Ruth probably also heard much of Naomi's moaning and groaning on their way back to Bethlehem. Ruth probably had to remind herself that, "Yeah, my husband died. Yeah Naomi's husband died, and my brother in law died, and we don't have food again, but the God of Israel is real and good." She made a choice amid hearing Naomi's lamenting to see God is good. Yeah, that was me. Even though my development wasn't perfect, even though Mom wasn't as well off as she would've liked, even though it was hard to see God during the events of the Columbine shooting and the September 11 attacks, even though the culture was saying that Christianity is narrow-minded, even through the deaths of my grandpa and uncle, even though the economy tanked affecting my post-graduation job prospects, God gave me the grace or - well - something - to believe He was real and He was good. Sometimes it was a hard fight to believe. Sometimes I didn't believe He was good. That's when I wouldn't handle things very well. Yet, like Ruth, I somehow still kept on believing God was real.
Ruth found Boaz on the threshing floor and uncovered his poor old toe-goo infested knobbly feet as a way of introduction. They had the, "I think you're neat, I just uncovered your feet, and as my kinsman-redeemer, God will have my economic situation beat!" Boaz scratched his old head and said, "Ok. I think you're pretty awesome too, young lady. God loves ya, so do I!"
As of this entry, I have not yet found my "Boaz." But I - FOUND MY GLORIOUS BOAZ WHICH IS JESUS!!!!!!!!!!!!!!!!!!!!!!!!!!!!!!!!!!!!!!!!!!!!!!!!!!!!!!!!!!!!!!!!!!!!!!!!!!!!!!!!!!!!!!!!!!!!!!!!!!!!!!!!!!!!!!!!!!!!!!!!!!!!!!!!!!!!!!!!!!!!! I've knelt at His nail-scarred feet crying trusting Him for healing from my past. I've danced with Him (think dance parties in my room post-quiet time) and had giggles and cries and arguments with Him (Yeah, those arguments generally didn't last long). :) :) So like Ruth, I have found my Boaz and realized He was for me and all I had to do was ask Him to save me! EEEEEEEEEEEEEEEEEEEEEEEEEEEEEEEEEEEEEEEEEEEEEEEEEEEEEEEEEEEEEEEEEEEEEEEEEEEEEEEEEEEEEEEEEEEEEEEEEEEEEEEEEEEEEEEEEEEEEEEEEEEEEEEEEEEEEEEEEEEEEEEEEEEEEEEEEEEEEEEEEEEEEEEEEEEEEEEEEEEEEEEEEEEEEEEEEEEEEEEEEEEEEEEEEEEEEEEEEEEEEEEEEEEEEEEEEEK!!!!!!!!!!!!!!!!!!!!!!!!!!!!!!!!!!!!!!!!!!!!!!!!!!!!!!!!!!!!!!!!!!!!!!!!!!!!!!!!!!!!!!! :)
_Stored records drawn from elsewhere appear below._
(* Let $\mathcal V$ be a complex topological vector space and $\mathcal D\subseteq\mathcal V_{\rm nc}$ a noncommutative set satisfying (P1) each $\mathcal D_n$ is open in $\mathcal V^{n\times n}$, (P2) $UaU^*\in\mathcal D_n$ for $a\in\mathcal D_n$ and unitary $U\in\mathbb C^{n\times n}$, and (P3) if $\begin{bmatrix}a&0\\0&c\end{bmatrix}\in\mathcal D_{n+m}$ then $a\in\mathcal D_n,c\in\mathcal D_m$. If $n\in\mathbb N$ and $A\subseteq\mathcal D_n$ is open in the topology generated by the pseudodistance $\tilde d_{\mathcal D}$, then $A$ is open in the product topology induced by $\mathcal V$ on $\mathcal V^{n\times n}$.
   Context: A noncommutative set is a family $\mathcal D=(\mathcal D_n)$, $\mathcal D_n\subseteq\mathcal V^{n\times n}$, closed under direct sums. For $a\in\mathcal D_n,c\in\mathcal D_m,b\in\mathcal V^{n\times m}$, $\delta_{\mathcal D}(a,c)(b)=\big[\sup\{t\in[0,+\infty]\colon\begin{bmatrix}a&sb\\0&c\end{bmatrix}\in\mathcal D_{n+m}\ \forall s\in[0,t]\}\big]^{-1}$ ($1/0=+\infty,1/\infty=0$), $\tilde\delta_{\mathcal D}(a,c)=\delta_{\mathcal D}(a,c)(a-c)$ for $a,c\in\mathcal D_n$, and $\tilde d_{\mathcal D}(a,c)=\inf\{\sum_{j=1}^N\tilde\delta_{\mathcal D}(a_{j-1},a_j)\colon N\in\mathbb N,\ a_0=a,a_N=c,\ a_j\in\mathcal D_n\}$. *)

theory Defs
  imports "HOL-Analysis.Analysis" "HOL-Library.Extended_Nonnegative_Real"
begin

text \<open>Square/rectangular matrices over V are represented as functions nat => nat => 'v,
  with entries outside the index range equal to zero.  The complex vector space
  structure of V is given by a scalar multiplication 'scl'.\<close>

type_synonym 'v ncmat = "nat \<Rightarrow> nat \<Rightarrow> 'v"

definition mat_carrier :: "nat \<Rightarrow> nat \<Rightarrow> ('v::zero) ncmat set" where
  "mat_carrier n m = {M. \<forall>i j. \<not> (i < n \<and> j < m) \<longrightarrow> M i j = 0}"

text \<open>Block upper triangular matrix [[a, b],[0, c]] with a of size n, c of size m.\<close>
definition block_ut :: "nat \<Rightarrow> nat \<Rightarrow> ('v::zero) ncmat \<Rightarrow> 'v ncmat \<Rightarrow> 'v ncmat \<Rightarrow> 'v ncmat" where
  "block_ut n m a b c = (\<lambda>i j.
     if i < n \<and> j < n then a i j
     else if i < n \<and> n \<le> j \<and> j < n + m then b i (j - n)
     else if n \<le> i \<and> i < n + m \<and> n \<le> j \<and> j < n + m then c (i - n) (j - n)
     else 0)"

definition nc_dsum :: "nat \<Rightarrow> nat \<Rightarrow> ('v::zero) ncmat \<Rightarrow> 'v ncmat \<Rightarrow> 'v ncmat" where
  "nc_dsum n m a c = block_ut n m a (\<lambda>_ _. 0) c"

definition nc_set :: "(nat \<Rightarrow> ('v::zero) ncmat set) \<Rightarrow> bool" where
  "nc_set D \<longleftrightarrow> (\<forall>n. D n \<subseteq> mat_carrier n n) \<and>
     (\<forall>n m a c. a \<in> D n \<longrightarrow> c \<in> D m \<longrightarrow> nc_dsum n m a c \<in> D (n + m))"

definition mat_open :: "nat \<Rightarrow> ('v::{zero,topological_space}) ncmat set \<Rightarrow> bool" where
  "mat_open n S \<longleftrightarrow> S \<subseteq> mat_carrier n n \<and>
     (\<forall>M\<in>S. \<exists>W :: nat \<Rightarrow> nat \<Rightarrow> 'v set.
        (\<forall>i<n. \<forall>j<n. open (W i j) \<and> M i j \<in> W i j) \<and>
        (\<forall>N\<in>mat_carrier n n. (\<forall>i<n. \<forall>j<n. N i j \<in> W i j) \<longrightarrow> N \<in> S))"

definition unitary_mat :: "nat \<Rightarrow> (nat \<Rightarrow> nat \<Rightarrow> complex) \<Rightarrow> bool" where
  "unitary_mat n U \<longleftrightarrow> (\<forall>i<n. \<forall>j<n.
      (\<Sum>k<n. U i k * cnj (U j k)) = (if i = j then 1 else 0))"
text \<open>Read y < 2M as the pair (y div 2, odd y). Unwinding f from y for k steps spells a path of
  length k in the complete binary tree over the variables x_0, ..., x_(n-1), the address of y at
  depth k; the node of y at depth k carries the clause falsified exactly by this path. At depth n
  these clauses weaken axioms. One level up, resolving on x_k the clauses of 2i and 2i + 1 gives
  the clause of f(i). The clause of y is then carried along the ITER instance S_y: node a copies it
  from node S_y(a) > a, and a solution a copies it from the resolvent of g_y(a), which is the right
  clause when f(g_y(a)) = y. At depth 0 the address is empty and the clause is empty. Hence every
  invalid node yields a solution of the rwPHP(PLS) instance, and every node reads only the n blocks
  of an address and three more.\<close>

primrec dt_bind :: "('i, 'v, 'a) dtree \<Rightarrow> ('a \<Rightarrow> ('i, 'v, 'b) dtree) \<Rightarrow> ('i, 'v, 'b) dtree" where
  "dt_bind (Leaf r) h = h r"
| "dt_bind (Query i t) h = Query i (\<lambda>v. dt_bind (t v) h)"

definition dt_query :: "'i \<Rightarrow> ('i, 'v, 'v) dtree" where
  "dt_query i = Query i Leaf"

lemma dt_eval_bind [simp]: "dt_eval (dt_bind t h) x = dt_eval (h (dt_eval t x)) x"
  by (induction t) auto

lemma dt_blocks_bind [simp]:
  "dt_blocks (dt_bind t h) x = dt_blocks t x \<union> dt_blocks (h (dt_eval t x)) x"
  by (induction t) auto

lemma dt_eval_query [simp]: "dt_eval (dt_query i) x = x i"
  and dt_blocks_query [simp]: "dt_blocks (dt_query i) x = {i}"
  by (simp_all add: dt_query_def)

section \<open>Addresses and their clauses\<close>

fun addr :: "(rw_block \<Rightarrow> nat) \<Rightarrow> nat \<Rightarrow> nat \<Rightarrow> bool list" where
  "addr x 0 y = []"
| "addr x (Suc k) y = addr x k (x (FB (y div 2))) @ [odd y]"

fun addr_tree :: "nat \<Rightarrow> nat \<Rightarrow> (rw_block, nat, bool list) dtree" where
  "addr_tree 0 y = Leaf []"
| "addr_tree (Suc k) y =
     dt_bind (dt_query (FB (y div 2))) (\<lambda>v. dt_bind (addr_tree k v) (\<lambda>r. Leaf (r @ [odd y])))"
lemma alternate_vertices_double_iff:
  assumes "odd m" "a < m" "i < m"
  shows "i \<in> alternate_vertices m a \<and> Suc i mod m \<in> alternate_vertices m a \<longleftrightarrow> Suc i mod m = a"
proof
  assume double: "i \<in> alternate_vertices m a \<and> Suc i mod m \<in> alternate_vertices m a"
  have "forward_steps m a i < m" using assms forward_steps_lt by simp
  moreover have "even (forward_steps m a i)" "even (Suc (forward_steps m a i) mod m)"
    using double by (auto simp: alternate_vertices_def forward_steps_Suc)
  ultimately have "forward_steps m a (Suc i mod m) = 0"
    by (cases "Suc (forward_steps m a i) = m") (auto simp: forward_steps_Suc)
  then show "Suc i mod m = a"
    using add_forward_steps[OF assms(2), of "Suc i mod m"] assms by simp
next
  assume "Suc i mod m = a"
  moreover have "Suc (forward_steps m a i) mod m = 0"
    using calculation forward_steps_Suc[of m a i] forward_steps_self[of a m] assms by simp
  then have "forward_steps m a i = m - 1"
    using forward_steps_lt[of m a i] assms by (cases "Suc (forward_steps m a i) < m") auto
  ultimately show "i \<in> alternate_vertices m a \<and> Suc i mod m \<in> alternate_vertices m a"
    using assms by (auto simp: alternate_vertices_def forward_steps_self)
qed

lemma card_alternate_vertices_image:
  assumes "0 < m"
  shows "card (alternate_vertices m ` {..<m}) = (if even m then 2 else m)"
proof (cases "even m")
  case True
  then have "1 < m" using assms by presburger
  have "alternate_vertices m ` {..<m} = {alternate_vertices m 0, alternate_vertices m 1}"
  proof
    show "alternate_vertices m ` {..<m} \<subseteq> {alternate_vertices m 0, alternate_vertices m 1}"
      using True \<open>1 < m\<close> by (auto simp: alternate_vertices_even)
  qed (use \<open>1 < m\<close> in auto)
  moreover have "alternate_vertices m 0 \<noteq> alternate_vertices m 1"
    using True \<open>1 < m\<close> by (auto simp: alternate_vertices_even)
  ultimately show ?thesis using True by simp
next
  case False
  have "inj_on (alternate_vertices m) {..<m}"
  proof (rule inj_onI)
    fix a b assume "a \<in> {..<m}" "b \<in> {..<m}" "alternate_vertices m a = alternate_vertices m b"
    moreover have "a \<in> (\<lambda>i. Suc i mod m) ` {..<m}"
      using \<open>a \<in> {..<m}\<close> bij_betw_imp_surj_on[OF bij_betw_Suc_mod, of m] by simp
    then obtain i where "i < m" "Suc i mod m = a" by blast
    ultimately show "a = b"
      using alternate_vertices_double_iff[OF False, of a i] alternate_vertices_double_iff[OF False, of b i]
      by auto
  qed
  then show ?thesis using False by (simp add: card_image)
qed

lemma card_min_cycle_vertex_covers:
  "0 < m \<Longrightarrow> card {S. cycle_vertex_cover m S \<and> card S = (m + 1) div 2} = (if even m then 2 else m)"
  by (simp only: min_cycle_vertex_covers card_alternate_vertices_image)

definition two_step_cover :: "nat \<Rightarrow> nat set \<Rightarrow> nat set \<Rightarrow> bool" where
  "two_step_cover n A T \<longleftrightarrow> T \<subseteq> A \<and> (\<forall>u\<in>A. u \<in> T \<or> (u + 2) mod n \<in> T)"

lemma two_step_cover_image_iff:
  assumes bij: "bij_betw c {..<m} A"
    and step: "\<And>i. i < m \<Longrightarrow> c (Suc i mod m) = (c i + 2) mod n"
    and S: "S \<subseteq> {..<m}"
  shows "two_step_cover n A (c ` S) \<longleftrightarrow> cycle_vertex_cover m S"
proof -
  have A: "A = c ` {..<m}" using bij by (simp add: bij_betw_def)
  have mem: "c i \<in> c ` S \<longleftrightarrow> i \<in> S" if "i < m" for i
    using bij S that by (auto simp: bij_betw_def dest: inj_onD)
  have "two_step_cover n A (c ` S) \<longleftrightarrow> (\<forall>i<m. c i \<in> c ` S \<or> c (Suc i mod m) \<in> c ` S)"
    using S step by (auto simp: two_step_cover_def A)
  also have "\<dots> \<longleftrightarrow> cycle_vertex_cover m S"
    using S by (auto simp: cycle_vertex_cover_def mem)
  finally show ?thesis .
qed

lemma two_step_covers_eq_image:
  assumes "bij_betw c {..<m} A" "\<And>i. i < m \<Longrightarrow> c (Suc i mod m) = (c i + 2) mod n"
  shows "{T. two_step_cover n A T \<and> card T = k} = image c ` {S. cycle_vertex_cover m S \<and> card S = k}"
proof -
  have inj: "inj_on c {..<m}" and A: "A = c ` {..<m}"
    using assms(1) by (auto simp: bij_betw_def)
  have card: "card (c ` S) = card S" if "cycle_vertex_cover m S" for S
    using that inj by (auto simp: cycle_vertex_cover_def card_image inj_on_subset)
  show ?thesis
  proof (intro set_eqI iffI)
    fix T assume T: "T \<in> {T. two_step_cover n A T \<and> card T = k}"
    define S where "S = {i. i < m \<and> c i \<in> T}"
    have "T = c ` S" using T A by (auto simp: S_def two_step_cover_def)
    moreover have "S \<subseteq> {..<m}" by (auto simp: S_def)
    ultimately have "cycle_vertex_cover m S"
      using two_step_cover_image_iff[OF assms] T by auto
    then show "T \<in> image c ` {S. cycle_vertex_cover m S \<and> card S = k}"
      using T card \<open>T = c ` S\<close> by auto
  next
    fix T assume "T \<in> image c ` {S. cycle_vertex_cover m S \<and> card S = k}"
    then obtain S where "cycle_vertex_cover m S" "card S = k" "T = c ` S" by auto
    then show "T \<in> {T. two_step_cover n A T \<and> card T = k}"
      using two_step_cover_image_iff[OF assms, of S] card by (auto simp: cycle_vertex_cover_def)
  qed
qed

lemma two_step_cover_card_ge:
  assumes "bij_betw c {..<m} A" "\<And>i. i < m \<Longrightarrow> c (Suc i mod m) = (c i + 2) mod n"
    and "two_step_cover n A T"
  shows "(m + 1) div 2 \<le> card T"
proof -
  have "T \<in> image c ` {S. cycle_vertex_cover m S \<and> card S = card T}"
    using two_step_covers_eq_image[OF assms(1,2), of "card T"] assms(3) by blast
  then obtain S where "cycle_vertex_cover m S" "card S = card T" by blast
  then show ?thesis using cycle_vertex_cover_card_ge by metis
qed

lemma card_min_two_step_covers:
  assumes "bij_betw c {..<m} A" "\<And>i. i < m \<Longrightarrow> c (Suc i mod m) = (c i + 2) mod n" "0 < m"
  shows "card {T. two_step_cover n A T \<and> card T = (m + 1) div 2} = (if even m then 2 else m)"
proof -
  have "inj_on (image c) {S. cycle_vertex_cover m S \<and> card S = (m + 1) div 2}"
    using inj_on_image_Pow[of c "{..<m}"] assms(1)
    by (auto simp: bij_betw_def cycle_vertex_cover_def intro: inj_on_subset)
  then show ?thesis
    using card_min_cycle_vertex_covers[OF assms(3)]
    by (simp add: two_step_covers_eq_image[OF assms(1,2)] card_image)
qed

lemma card_eq_card_Int_add_card_Int:
  assumes "finite D" "D \<subseteq> A \<union> B" "A \<inter> B = {}"
  shows "card D = card (D \<inter> A) + card (D \<inter> B)"
proof -
  have "D - A = D \<inter> B" using assms by blast
  then show ?thesis using card_Int_Diff[OF assms(1), of A] by simp
qed

lemma card_min_sets_disjoint_Un:
  assumes disj: "A \<inter> B = {}" and fin: "finite A" "finite B"
    and P: "\<And>X. P X \<Longrightarrow> X \<subseteq> A \<and> k \<le> card X"
    and Q: "\<And>Y. Q Y \<Longrightarrow> Y \<subseteq> B \<and> l \<le> card Y"
  shows "card {D. D \<subseteq> A \<union> B \<and> P (D \<inter> A) \<and> Q (D \<inter> B) \<and> card D = k + l}
    = card {X. P X \<and> card X = k} * card {Y. Q Y \<and> card Y = l}"
proof -
  let ?X = "{X. P X \<and> card X = k}" and ?Y = "{Y. Q Y \<and> card Y = l}"
  have split: "card D = card (D \<inter> A) + card (D \<inter> B)" if "D \<subseteq> A \<union> B" for D
    using card_eq_card_Int_add_card_Int[OF finite_subset[OF that] that disj] fin by simp
  have "{D. D \<subseteq> A \<union> B \<and> P (D \<inter> A) \<and> Q (D \<inter> B) \<and> card D = k + l}
      = (\<lambda>(X, Y). X \<union> Y) ` (?X \<times> ?Y)"
  proof (intro set_eqI iffI)
    fix D assume D: "D \<in> {D. D \<subseteq> A \<union> B \<and> P (D \<inter> A) \<and> Q (D \<inter> B) \<and> card D = k + l}"
    then have "card (D \<inter> A) = k" "card (D \<inter> B) = l"
      using P[of "D \<inter> A"] Q[of "D \<inter> B"] split[of D] by auto
    moreover have "D = (D \<inter> A) \<union> (D \<inter> B)" using D by blast
    ultimately show "D \<in> (\<lambda>(X, Y). X \<union> Y) ` (?X \<times> ?Y)"
      using D by (auto intro!: image_eqI[where x = "(D \<inter> A, D \<inter> B)"])
  next
    fix D assume "D \<in> (\<lambda>(X, Y). X \<union> Y) ` (?X \<times> ?Y)"
    then obtain X Y where "P X" "Q Y" "card X = k" "card Y = l" "D = X \<union> Y" by auto
    moreover have "X \<subseteq> A" "Y \<subseteq> B" using P[of X] Q[of Y] calculation by auto
    moreover have "X \<union> Y \<subseteq> A \<union> B" "(X \<union> Y) \<inter> A = X" "(X \<union> Y) \<inter> B = Y"
      using calculation disj by auto
    ultimately show "D \<in> {D. D \<subseteq> A \<union> B \<and> P (D \<inter> A) \<and> Q (D \<inter> B) \<and> card D = k + l}"
      using split[of D] by auto
  qed
  moreover have "inj_on (\<lambda>(X, Y). X \<union> Y) (?X \<times> ?Y)"
  proof (rule inj_onI, clarsimp)
    fix X Y X' Y' assume "P X" "Q Y" "P X'" "Q Y'" "X \<union> Y = X' \<union> Y'"
    moreover have "X \<subseteq> A" "X' \<subseteq> A" "Y \<subseteq> B" "Y' \<subseteq> B"
      using P[of X] P[of X'] Q[of Y] Q[of Y'] calculation by auto
    ultimately show "X = X' \<and> Y = Y'" using disj by blast
  qed
  ultimately show ?thesis by (simp add: card_image card_cartesian_product)
qed
lemma excess_sum_argmax_even:
  fixes m :: nat
  assumes N: "N = 2 * c + 1" "c \<ge> 1" and s: "even s" "1 \<le> s" "s \<le> N"
  defines "T \<equiv> real c * real m + (real s - 1) / 2" and "b \<equiv> (s - 1) * N ^ m div 2 + 1"
  shows "\<And>k. excess_sum N T k \<le> excess_sum N T b"
    and "\<And>k. k < b \<Longrightarrow> excess_sum N T k < excess_sum N T b"
    and "b \<le> s * N ^ m"
proof -
  obtain u where u: "s = 2 * u" using s(1) by blast
  define t where "t = u - 1"
  have t: "s = 2 * t + 2" using u s(2) unfolding t_def by simp
  have mid: "(s - 1) * N ^ m = 2 * mid_index N c t m + 1" using mid_index_closed_form[OF N(1)] t by simp
  have "b = Suc (mid_index N c t m)" unfolding b_def mid by simp
  moreover have "T = real c * real m + real t + 1 / 2" unfolding T_def t by simp
  moreover have "t + 1 \<le> c" using s(3) t N by simp
  ultimately show "\<And>k. excess_sum N T k \<le> excess_sum N T b"
    and "\<And>k. k < b \<Longrightarrow> excess_sum N T k < excess_sum N T b"
    using excess_sum_max_even[OF N, of t m] by auto
  have "(s - 1) * N ^ m \<le> s * N ^ m" by simp
  then show "b \<le> s * N ^ m" unfolding b_def mid by simp
qed

lemma Max_image_affine:
  fixes H g :: "nat \<Rightarrow> real"
  assumes H: "\<forall>k\<le>L. H k = H\<^sub>0 + K * g k" and "K > 0"
    and max: "\<And>k. g k \<le> g p" and "p \<le> L" and "p' \<in> {1..M}" "H p' = H p" and "M \<le> L"
  shows "Max (H ` {1..M}) = H p"
proof (rule Max_eqI)
  show "H p \<in> H ` {1..M}" using \<open>p' \<in> {1..M}\<close> \<open>H p' = H p\<close> by (metis image_eqI)
next
  fix y assume "y \<in> H ` {1..M}"
  then obtain i where i: "i \<in> {1..M}" "y = H i" by auto
  have "K * g i \<le> K * g p" using \<open>K > 0\<close> max[of i] by simp
  then show "y \<le> H p" using H i \<open>p \<le> L\<close> \<open>M \<le> L\<close> by simp
qed simp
Ok - just - a - little - excited - whew! :D heee heeee!
But seriously, that is AWESOME that God had worked out Ruth's story so one day I could resonate with it. Ruth probably thought a lot of her life was crappy and wondered, "Why me, God?" I've thought that plenty of times. "Why is my life looking like this so far? I know You have a plan for the hard stuff in my life, but I want to know what it is." But maybe like Ruth, someone else could be encouraged by my life to see God's soveriegnty even though hard times and God's real provision even when the situation looked hopeless and praise Him because of it.
Ultimately, Ruth's story points to Christ, and thanks to God's grace, my life points to Christ as well.